#### DATA TO USE ####

(* Fix $l,r>0$, $0<\alpha<\beta<1$ and diffusion constants $D_1\neq D_2$, and let $\delta=\frac{D_2-D_1}{D_2+D_1}$. For every $Q_0\in\mathbb{R}$ there is a unique $A(Q_0)\in(0,A_M)$ with $G_2(Q_0,A(Q_0),\delta)=0$. Furthermore $\lim_{Q_0\to\pm\infty}A(Q_0)=l$. Let $Q_0^*=Q_0^-$ if $\delta>0$ and $Q_0^*=Q_0^+$ if $\delta<0$, where $Q_0^-<0$ (for $\delta>0$) is the number such that $\partial_{Q_0}A$ has the same sign as $l-r$ for $Q_0>Q_0^-$ and the opposite sign for $Q_0<Q_0^-$, and $Q_0^+>0$ (for $\delta<0$) is the number such that $\partial_{Q_0}A$ has the sign opposite to $l-r$ for $Q_0<Q_0^+$ and the same sign for $Q_0>Q_0^+$. Then for all $Q_0\in\mathbb{R}$: (a) if $l<r$ then $l\le A(Q_0)\le A(Q_0^* )$; (b) if $l>r$ then $A(Q_0^* )\le A(Q_0)\le l$; (c) if $l=r$ then $A(Q_0)=l=r=A(Q_0^* )$.
   Context: Setting: reduction of the steady zero-current Poisson–Nernst–Planck problem for two ion species with valences $\pm1$; $l,r>0$ are boundary concentrations, the permanent charge is $2Q_0$ on $(a,b)$ and $0$ elsewhere in $(0,1)$, $\alpha=H(a)/H(1)$, $\beta=H(b)/H(1)$ with $H(x)=\int_0^x ds/h(s)$, $h>0$ the cross-sectional area. For $Q_0\in\mathbb{R}$, $A>0$ define $B=\frac{1-\beta}{\alpha}(l-A)+r$, $A_M=l+\frac{\alpha}{1-\beta}r$, $S_a=\sqrt{Q_0^2+A^2}$, $S_b=\sqrt{Q_0^2+B^2}$, $N=A-l+S_a-S_b$, and $G_2(Q_0,A,\delta)=\delta Q_0\ln\frac{S_a+\delta Q_0}{S_b+\delta Q_0}-N$. *)

theory Defs
  imports "HOL-Analysis.Analysis"
begin

text \<open>Quantities of the zero-current PNP reduction. Parameters: boundary
concentrations l r, alpha = H(a)/H(1), beta = H(b)/H(1), permanent charge
parameter Q0, unknown A, and delta.\<close>

definition Bq :: "real \<Rightarrow> real \<Rightarrow> real \<Rightarrow> real \<Rightarrow> real \<Rightarrow> real" where
  "Bq l r \<alpha> \<beta> A = (1 - \<beta>) / \<alpha> * (l - A) + r"

definition AM :: "real \<Rightarrow> real \<Rightarrow> real \<Rightarrow> real \<Rightarrow> real" where
  "AM l r \<alpha> \<beta> = l + \<alpha> / (1 - \<beta>) * r"

definition Sa :: "real \<Rightarrow> real \<Rightarrow> real" where
  "Sa Q0 A = sqrt (Q0\<^sup>2 + A\<^sup>2)"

####

• **YOUR TASK**: Determine how many lines of the records above contain the word "definition", and report only that number.

• **FINISHED TASK**: 3